WHAT YOU WILL DO:
Among the entries below, find the lines holding "with" and copy them.
:: PROVIDED RECORDS ::
lemma eigenvalue_ge_Rayleigh_lower_bound:
  assumes "is_eigenvalue H N ev" and lower: "\<And>c. a * sum_squares N c \<le> quad_form H N c"
  shows "a \<le> ev"
proof -
  obtain u where nz: "\<exists>i<N. u i \<noteq> 0" and eig: "\<forall>i<N. (\<Sum>j<N. H i j * u j) = ev * u i"
    using assms(1) unfolding is_eigenvalue_def by blast
  have "0 < sum_squares N u" using sum_squares_pos[OF nz] .
  with lower[of u] show ?thesis by (simp add: quad_form_eigenvector[OF eig])
qed

lemma eigenvalue_le_Rayleigh_upper_bound:
  assumes "is_eigenvalue H N ev" and upper: "\<And>c. quad_form H N c \<le> b * sum_squares N c"
  shows "ev \<le> b"
proof -
  obtain u where nz: "\<exists>i<N. u i \<noteq> 0" and eig: "\<forall>i<N. (\<Sum>j<N. H i j * u j) = ev * u i"
    using assms(1) unfolding is_eigenvalue_def by blast
  have "0 < sum_squares N u" using sum_squares_pos[OF nz] .
  with upper[of u] show ?thesis by (simp add: quad_form_eigenvector[OF eig])
qed

lemma linear_plus_quadratic_nonneg_imp_zero:
  fixes a b :: real
  assumes nonneg: "\<And>t. 0 \<le> a * t + b * t\<^sup>2"
  shows "a = 0"
proof -
  have "\<bar>a\<bar> \<le> 0 + e" if "0 < e" for e
  proof -
    define t where "t = e / (\<bar>b\<bar> + 1)"
    have t: "0 < t" "\<bar>b\<bar> * t \<le> e"
      using \<open>0 < e\<close> by (auto simp: t_def field_simps)
    have "\<bar>a\<bar> * t \<le> b * t\<^sup>2"
      using nonneg[of t] nonneg[of "- t"] by (cases "0 \<le> a") auto
    then have "\<bar>a\<bar> \<le> b * t"
      using t(1) by (simp add: power2_eq_square mult.assoc)
    also have "\<dots> \<le> \<bar>b\<bar> * t"
      using t(1) by (intro mult_right_mono) auto
    finally show ?thesis using t(2) by simp
  qed
  then show ?thesis by (metis abs_le_zero_iff field_le_epsilon)
qed

lemma compact_coeff_sphere:
  "compact (Pi UNIV (\<lambda>i::nat. if i < N then {-1..1::real} else {0}) \<inter> {v. sum_squares N v = 1})"
proof (rule compact_Int_closed)
  have "compactin (product_topology (\<lambda>i. euclidean) UNIV)
          (PiE UNIV (\<lambda>i::nat. if i < N then {-1..1::real} else {0}))"
    by (subst compactin_PiE) auto
  then show "compact (Pi UNIV (\<lambda>i::nat. if i < N then {-1..1::real} else {0}))"
    by (simp add: euclidean_product_topology PiE_UNIV_domain)
  have "continuous_on UNIV (sum_squares N)"
    unfolding sum_squares_def by (intro continuous_intros continuous_on_product_coordinates)
  then show "closed {v. sum_squares N v = 1}" by (intro closed_Collect_eq) auto
qed

lemma unit_coeffs_in_box:
  assumes "sum_squares N u = 1" and "\<forall>i\<ge>N. u i = 0"
  shows "u \<in> Pi UNIV (\<lambda>i::nat. if i < N then {-1..1::real} else {0})"
proof (rule Pi_I)
  fix i
  show "u i \<in> (if i < N then {-1..1} else {0})"
  proof (cases "i < N")
    case True
    then have "(u i)\<^sup>2 \<le> 1"
      using assms(1) member_le_sum[of i "{..<N}" "\<lambda>i. (u i)\<^sup>2"] by (simp add: sum_squares_def)
    then show ?thesis using True by (simp add: abs_square_le_1 abs_le_iff)
  qed (use assms(2) in simp)
qed

lemma normalized_coeffs:
  assumes "0 < sum_squares N c"
  obtains u where "sum_squares N u = 1" and "\<forall>i\<ge>N. u i = 0"
    and "quad_form H N u = quad_form H N c / sum_squares N c"
proof
  define s where "s = sqrt (sum_squares N c)"
  have s: "0 < s" "s\<^sup>2 = sum_squares N c"
    using assms by (auto simp: s_def)
  define u where "u = (\<lambda>i. if i < N then (1 / s) * c i else 0)"
  have "sum_squares N u = (1 / s)\<^sup>2 * sum_squares N c"
    unfolding sum_squares_smult[symmetric] by (rule sum_squares_cong) (simp add: u_def)
  then show "sum_squares N u = 1" using s assms by (simp add: power_divide)
  show "\<forall>i\<ge>N. u i = 0" by (simp add: u_def)
  have "quad_form H N u = (1 / s)\<^sup>2 * quad_form H N c"
    unfolding quad_form_smult[symmetric] by (rule quad_form_cong) (simp add: u_def)
  then show "quad_form H N u = quad_form H N c / sum_squares N c"
    using s by (simp add: power_divide)
qed

lemma Rayleigh_minimizer_exists:
  assumes "0 < N"
  obtains v where "sum_squares N v = 1"
    and "\<And>c. quad_form H N v * sum_squares N c \<le> quad_form H N c"
proof -
  define sphere where
    "sphere = Pi UNIV (\<lambda>i::nat. if i < N then {-1..1::real} else {0}) \<inter> {v. sum_squares N v = 1}"
  have quad_form_cont: "continuous_on UNIV (quad_form H N)"
    unfolding quad_form_def by (intro continuous_intros continuous_on_product_coordinates)
  have "compact sphere" unfolding sphere_def by (rule compact_coeff_sphere)
  define e0 :: "nat \<Rightarrow> real" where "e0 = (\<lambda>i. if i = 0 then 1 else 0)"
  have "sum_squares N e0 = (\<Sum>i<N. if i = 0 then 1 else 0)"
    unfolding sum_squares_def e0_def by (intro sum.cong) auto
  then have "sum_squares N e0 = 1" using assms by simp
  then have "e0 \<in> sphere"
    unfolding sphere_def using assms by (intro IntI CollectI unit_coeffs_in_box) (auto simp: e0_def)
  then obtain v where "v \<in> sphere" and min: "\<forall>u\<in>sphere. quad_form H N v \<le> quad_form H N u"
    using continuous_attains_inf[OF \<open>compact sphere\<close> _ continuous_on_subset[OF quad_form_cont]]
    by blast
  show ?thesis
  proof (rule that)
    show "sum_squares N v = 1" using \<open>v \<in> sphere\<close> by (simp add: sphere_def)
    fix c
    show "quad_form H N v * sum_squares N c \<le> quad_form H N c"
    proof (cases "sum_squares N c = 0")
      case True
      then have "quad_form H N c = quad_form H N (\<lambda>_. 0)"
        by (intro quad_form_cong) (simp add: sum_squares_eq_0_iff)
      with True show ?thesis by (simp add: quad_form_def)
    next
      case False
      then have "0 < sum_squares N c" using sum_squares_nonneg[of N c] by linarith
      then obtain u where "sum_squares N u = 1" "\<forall>i\<ge>N. u i = 0"
        and u: "quad_form H N u = quad_form H N c / sum_squares N c"
        using normalized_coeffs by blast
      then have "u \<in> sphere"
        unfolding sphere_def by (intro IntI CollectI unit_coeffs_in_box) auto
      with min have "quad_form H N v \<le> quad_form H N u" by blast
      with u \<open>0 < sum_squares N c\<close> show ?thesis by (simp add: pos_le_divide_eq)
    qed
  qed
qed

text \<open>A minimiser v of the Rayleigh quotient, with minimum m, is an eigenvector: its residual
  r = H v - m v satisfies 0 <= 2 t |r|^2 + O(t^2) for all real t, so r = 0.\<close>

lemma Rayleigh_minimizer_eigenvector:
  assumes sym: "\<forall>i<N. \<forall>j<N. H i j = H j i" and unit: "sum_squares N v = 1"
    and min: "\<And>c. quad_form H N v * sum_squares N c \<le> quad_form H N c"
  shows "\<forall>i<N. (\<Sum>j<N. H i j * v j) = quad_form H N v * v i"
proof -
  define m where "m = quad_form H N v"
  define r where "r = (\<lambda>i. (\<Sum>j<N. H i j * v j) - m * v i)"
  have residual: "(\<Sum>i<N. r i * (\<Sum>j<N. H i j * v j)) - m * (\<Sum>i<N. r i * v i) = sum_squares N r"
    unfolding sum_squares_def r_def
    by (simp add: sum_distrib_left sum_subtractf[symmetric] algebra_simps power2_eq_square)
  have "0 \<le> (2 * sum_squares N r) * t + (quad_form H N r - m * sum_squares N r) * t\<^sup>2" for t
    using min[of "\<lambda>i. v i + t * r i"] residual unit
    unfolding quad_form_add_smult[OF sym] sum_squares_add_smult m_def[symmetric]
    by (simp add: algebra_simps)
  then have "2 * sum_squares N r = 0"
    by (rule linear_plus_quadratic_nonneg_imp_zero)
  then have "\<forall>i<N. r i = 0" using sum_squares_eq_0_iff by simp
  then show ?thesis by (simp add: r_def m_def)
qed

lemma mat_mult_vec_index:
  "i < N \<Longrightarrow> vec_index (mat N N (\<lambda>(i, j). G i j) *\<^sub>v vec N v) i = (\<Sum>j<N. G i j * v j)"
  by (simp add: scalar_prod_def row_def atLeast0LessThan)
:::
TASK RESULT:
  with lower[of u] show ?thesis by (simp add: quad_form_eigenvector[OF eig])
  with upper[of u] show ?thesis by (simp add: quad_form_eigenvector[OF eig])
      with True show ?thesis by (simp add: quad_form_def)
      with min have "quad_form H N v \<le> quad_form H N u" by blast
      with u \<open>0 < sum_squares N c\<close> show ?thesis by (simp add: pos_le_divide_eq)
text \<open>A minimiser v of the Rayleigh quotient, with minimum m, is an eigenvector: its residual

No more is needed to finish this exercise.